** WHAT THE EXERCISE ASKS **
The expected output is the line bearing "then show ?thesis" followed by all remaining lines of the records, each restated word for word.

** RECORDS SUPPLIED **
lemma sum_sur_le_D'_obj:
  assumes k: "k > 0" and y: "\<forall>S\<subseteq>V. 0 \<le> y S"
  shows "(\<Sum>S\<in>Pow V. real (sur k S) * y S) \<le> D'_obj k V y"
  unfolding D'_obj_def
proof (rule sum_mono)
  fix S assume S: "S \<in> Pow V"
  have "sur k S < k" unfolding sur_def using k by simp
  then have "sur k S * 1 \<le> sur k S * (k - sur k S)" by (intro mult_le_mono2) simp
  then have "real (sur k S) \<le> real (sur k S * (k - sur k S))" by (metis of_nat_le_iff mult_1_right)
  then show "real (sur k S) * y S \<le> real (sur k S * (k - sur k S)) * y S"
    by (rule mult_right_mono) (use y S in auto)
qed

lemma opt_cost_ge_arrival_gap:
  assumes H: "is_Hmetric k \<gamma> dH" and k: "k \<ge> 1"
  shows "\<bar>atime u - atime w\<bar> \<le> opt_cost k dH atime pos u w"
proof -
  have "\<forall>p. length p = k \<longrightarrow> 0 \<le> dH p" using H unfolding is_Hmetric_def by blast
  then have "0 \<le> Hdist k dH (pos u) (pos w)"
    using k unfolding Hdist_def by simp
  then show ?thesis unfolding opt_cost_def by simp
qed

** ANSWER TO THIS TASK **
  then show ?thesis unfolding opt_cost_def by simp
qed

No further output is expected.